User Interface (not implemented): Volttron Central Dashboard Widget
Optionally, the Message Monitor will be integrated as a new Volttron Central dashboard widget, supporting each of the following:
Enable/Disable the monitor
Filter messages
Configure message display details
Record/playback messages
User Interface (not implemented): Graphical Display of Message Sequence
Optionally, the Volttron Central dashboard widget will provide graphical display of message sequences, allowing enhanced visualization of request/response patterns.

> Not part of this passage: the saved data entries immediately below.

lemma tr_eq_0_or_1:
  assumes "card (UNIV :: 'a::{field,finite} set) = 2 ^ n"
  shows "tr n (x :: 'a) = 0 \<or> tr n x = 1"
proof -
  have "tr n x ^ 2 = (\<Sum>i<n. (x ^ 2 ^ i) ^ 2)"
    unfolding tr_def
    using power_two_power_sum_CHAR_2[OF CHAR_eq_2_if_card_UNIV[OF assms], of _ _ 1] by simp
  also have "\<dots> = tr n (x ^ 2)"
    unfolding tr_def by (simp add: power_mult[symmetric] mult.commute)
  finally have "tr n x ^ 2 = tr n (x ^ 2)" .
  then have "tr n x * (tr n x - 1) = 0"
    using tr_power_two[OF assms] by (simp add: power2_eq_square algebra_simps)
  then show ?thesis
    by simp
qed

lemma chi_of_nat_CHAR_2:
  assumes "CHAR('a::field) = 2"
  shows "chi (of_nat m :: 'a) = (-1) ^ m"
proof -
  have "(of_nat m :: 'a) = of_nat 2 * of_nat (m div 2) + of_nat (m mod 2)"
    by (simp only: of_nat_mult[symmetric] of_nat_add[symmetric] mult_div_mod_eq)
  also have "\<dots> = of_nat (m mod 2)"
    using of_nat_CHAR[where 'a = 'a] assms by simp
  finally show ?thesis
    unfolding chi_def by (cases "even m") (simp_all add: minus_one_power_iff odd_iff_mod_2_eq_one)
qed

lemma i_power_card_mult_cnj_sym_diff:
  assumes "finite A" "finite B"
  shows "\<i> ^ card A * cnj (\<i> ^ card (sym_diff A B)) = (-1) ^ card (A \<inter> B) * cnj (\<i> ^ card B)"
proof -
  have "card (A \<union> B) = card (sym_diff A B) + card (A \<inter> B)"
    using assms by (subst card_Un_disjoint[symmetric]) (auto intro: arg_cong[where f = card])
  then have "card A + card B = card (sym_diff A B) + 2 * card (A \<inter> B)"
    using card_Un_Int[OF assms] by simp
  then have i_powers: "\<i> ^ card A * \<i> ^ card B = \<i> ^ card (sym_diff A B) * (-1) ^ card (A \<inter> B)"
    unfolding power_add[symmetric] by (simp add: power_add power_mult)
  have cnj_i_power: "cnj (\<i> ^ m) = inverse (\<i> ^ m)" for m
    by (simp flip: power_inverse)
  show ?thesis
    unfolding cnj_i_power using i_powers by (simp add: field_simps)
qed

lemma norm_eq_1_iff_mult_cnj: "cmod z = 1 \<longleftrightarrow> z * cnj z = 1"
proof -
  have "cmod z = 1 \<longleftrightarrow> cmod z ^ 2 = 1"
    using power2_eq_iff_nonneg[of "cmod z" 1] by simp
  also have "\<dots> \<longleftrightarrow> z * cnj z = 1"
    by (metis complex_norm_square of_real_1 of_real_eq_iff)
  finally show ?thesis .
qed

lemma additive_bij_iff_kernel_trivial:
  fixes h :: "'a::{ab_group_add,finite} \<Rightarrow> 'a"
  assumes "additive h"
  shows "bij h \<longleftrightarrow> (\<forall>x. h x = 0 \<longrightarrow> x = 0)"
proof -
  interpret additive h by fact
  have "inj h \<longleftrightarrow> (\<forall>x. h x = 0 \<longrightarrow> x = 0)"
    unfolding inj_def by (metis diff zero right_minus_eq)
  then show ?thesis
    using finite_UNIV_inj_surj[of h] by (auto simp: bij_def)
qed

locale gf2n_self_dual =
  fixes n :: nat and \<alpha> :: "nat \<Rightarrow> 'a::{field,finite}"
  assumes card_UNIV: "card (UNIV :: 'a set) = 2 ^ n"
    and self_dual: "self_dual_basis n \<alpha>"
begin

lemma CHAR_2: "CHAR('a) = 2"
  using CHAR_eq_2_if_card_UNIV[OF card_UNIV] .

lemma two_eq_0 [simp]: "(2 :: 'a) = 0"
  using of_nat_CHAR[where 'a = 'a] by (simp add: CHAR_2)

lemma add_self [simp]: "x + x = (0 :: 'a)"
  using add_self_CHAR_2[OF CHAR_2] .

lemma add_eq_0_iff_eq: "x + y = 0 \<longleftrightarrow> x = (y :: 'a)"
  using add_right_cancel[of x y y] by simp

interpretation tr: additive "tr n :: 'a \<Rightarrow> 'a"
  using additive_tr[OF CHAR_2] .

lemma n_pos: "n > 0"
proof -
  have "2 \<le> card (UNIV :: 'a set)"
    using card_mono[of UNIV "{0, 1 :: 'a}"] by simp
  then have "2 \<le> (2 :: nat) ^ n"
    using card_UNIV by simp
  then show ?thesis
    by (cases n) simp_all
qed

lemma tr_basis_mult: "i < n \<Longrightarrow> j < n \<Longrightarrow> tr n (\<alpha> i * \<alpha> j) = (if i = j then 1 else 0)"
  using self_dual by (simp add: self_dual_basis_def)

definition add_char :: "'a \<Rightarrow> complex" where
  "add_char z = chi (tr n z)"

lemma add_char_add: "add_char (x + y) = add_char x * add_char y"
  using tr_eq_0_or_1[OF card_UNIV, of x] tr_eq_0_or_1[OF card_UNIV, of y]
  by (auto simp: add_char_def chi_def tr.add)

lemma add_char_0 [simp]: "add_char 0 = 1"
  by (simp add: add_char_def chi_def tr.zero)

lemma add_char_eq_1_or_minus_1: "add_char x = 1 \<or> add_char x = -1"
  by (simp add: add_char_def chi_def)

lemma cnj_add_char [simp]: "cnj (add_char x) = add_char x"
  using add_char_eq_1_or_minus_1[of x] by auto

lemma add_char_nonzero [simp]: "add_char x \<noteq> 0"
  using add_char_eq_1_or_minus_1[of x] by auto

lemma sum_add_char_mult:
  "(\<Sum>x\<in>UNIV. add_char (x * b)) = (if b = 0 then 2 ^ n else 0)"
proof (cases "b = 0")
  case True
  then show ?thesis
    using card_UNIV by simp
next
  case False
  let ?c = "\<alpha> 0 * \<alpha> 0"
  have "add_char ?c = -1"
    using tr_basis_mult[of 0 0] n_pos by (simp add: add_char_def chi_def)
  have "(\<Sum>x\<in>UNIV. add_char x) = (\<Sum>x\<in>UNIV. add_char (x + ?c))"
    by (rule sum.reindex_bij_witness[of _ "\<lambda>x. x + ?c" "\<lambda>x. x + ?c"]) (auto simp: add.assoc)
  also have "\<dots> = - (\<Sum>x\<in>UNIV. add_char x)"
    by (simp add: add_char_add \<open>add_char ?c = -1\<close> sum_negf)
  finally have "(\<Sum>x\<in>UNIV. add_char x) = 0"
    by simp
  moreover have "(\<Sum>x\<in>UNIV. add_char (x * b)) = (\<Sum>x\<in>UNIV. add_char x)"
    by (rule sum.reindex_bij_witness[of _ "\<lambda>x. x / b" "\<lambda>x. x * b"]) (use False in auto)
  ultimately show ?thesis
    using False by simp
qed


definition support :: "'a \<Rightarrow> nat set" where
  "support x = {i. i < n \<and> tr n (\<alpha> i * x) = 1}"

definition basis_sum :: "nat set \<Rightarrow> 'a" where
  "basis_sum A = (\<Sum>i\<in>A. \<alpha> i)"

lemma support_subset: "support x \<subseteq> {..<n}"
  by (auto simp: support_def)

lemma finite_support [simp]: "finite (support x)"
  using support_subset finite_subset by blast

lemma tr_basis_mult_basis_sum:
  assumes "A \<subseteq> {..<n}" "j < n"
  shows "tr n (\<alpha> j * basis_sum A) = (if j \<in> A then 1 else 0)"
proof -
  have "tr n (\<alpha> j * basis_sum A) = (\<Sum>i\<in>A. tr n (\<alpha> j * \<alpha> i))"
    by (simp add: basis_sum_def sum_distrib_left tr.sum)
  also have "\<dots> = (\<Sum>i\<in>A. if j = i then 1 else 0)"
    using assms by (intro sum.cong) (auto simp: tr_basis_mult)
  finally show ?thesis
    using finite_subset[OF assms(1)] by simp
qed

lemma support_basis_sum:
  assumes "A \<subseteq> {..<n}"
  shows "support (basis_sum A) = A"
  using assms tr_basis_mult_basis_sum[OF assms] by (auto simp: support_def split: if_splits)

lemma basis_sum_support [simp]: "basis_sum (support x) = x"
proof -
  have "inj_on basis_sum (Pow {..<n})"
    by (rule inj_on_inverseI[of _ support]) (simp add: support_basis_sum)
  then have "card (basis_sum ` Pow {..<n}) = card (UNIV :: 'a set)"
    by (simp add: card_image card_Pow card_UNIV)
  then have "basis_sum ` Pow {..<n} = UNIV"
    by (intro card_subset_eq) auto
  then obtain A where "A \<subseteq> {..<n}" "x = basis_sum A"
    by (metis Pow_iff UNIV_I imageE)
  then show ?thesis
    by (simp add: support_basis_sum)
qed

lemma coords_eq_support: "coords n \<alpha> x = (\<lambda>i. i \<in> support x)"
  unfolding coords_def
proof (rule the_equality)
  have "(\<Sum>i<n. if i \<in> support x then \<alpha> i else 0) = basis_sum (support x)"
    using support_subset by (simp add: basis_sum_def sum.If_cases Int_absorb1)
  moreover have "\<forall>i\<ge>n. i \<notin> support x"
    using support_subset[of x] by auto
  ultimately show "(\<forall>i\<ge>n. i \<notin> support x) \<and> x = (\<Sum>i<n. if i \<in> support x then \<alpha> i else 0)"
    by simp
next
  fix c assume c: "(\<forall>i\<ge>n. \<not> c i) \<and> x = (\<Sum>i<n. if c i then \<alpha> i else 0)"
  let ?C = "{i. i < n \<and> c i}"
  have "x = basis_sum ?C"
    using c by (simp add: basis_sum_def sum.If_cases Collect_conj_eq lessThan_def Int_commute)
  then have "support x = ?C"
    by (simp add: support_basis_sum subset_iff)
  then show "c = (\<lambda>i. i \<in> support x)"
    using c by (auto simp: fun_eq_iff not_le[symmetric])
qed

Grabbing Messages Off the Bus
This tool depends on reading and storing all messages that pass through the VIP router. The Router class
already has hooks that allow for the capturing of messages at various points in the routing workflow. The
BaseRouter abstract class defines issue(self, topic, frames, extra)
. This method is called from BaseRouter.route
and BaseRouter._send
during the routing of messasges. The topic
parameter (not to be confused with a
message topic found in frames
) identifies the point or state in the routing worflow at which the issue was called.
The defined topics
are: INCOMING, OUTGOING, ERROR and UNROUTABLE. Most messages will result in two calls, one
with the INCOMING topic as the message enters the router and one with the OUTGOING topic as the message is
sent on to its destination. Messages without a recipient are intended for the router itself and do not result
in an OUTGOING call to issue
.
Router.issue
contains the concrete implementation of the method. It does two things:
It writes the topic, frames and optional extra parameters to the logger using the FramesFormatter.
It invokes
self._tracker.hit(topic, frames, extra)
. The Tracker class collects statistics by topic and counts the messages within a topic by peer, user and subsystem.
The issue method can be modified to optionally publish the issue
messages to an in-process ZMQ address
that the message-viewing tool will subscribe to. This will minimize changes to core VOLTTRON code and minimize
the impact of processing these messages for debugging.
Message Processor
The message processor will subscribe to messages coming out of the Router.issue() method and process these messages based on the current message viewer configuration. Messages will be written to a SQLite db since this is packaged with Python and currently used by other VOLTTRON agents.
Message Viewer
The message viewer will display messages from the SQLite db. We need to consider whether it should also subscribe to receiving messages in real-time. The viewer will be responsible for displaying message statistics and will provide a command line interface to filter and display messages.
Message Db Schema
message(id, created_on, issue_topic, extras, sender, recipient, user_id, msg_id, subsystem, data)
msg_id will be used to associate pairs of incoming/outgoing messages.
Note
data will be a jsonified list of frames, alternatively we could add a message_data table with one row per frame.
A session table will track the start and end of a debug session and, at the end of a session, record statistics on the messages in the session.
session(id, created_on, name, start_time, end_time, num_messages)
The command line tool will allow users to delete old sessions and select a session for review/playback.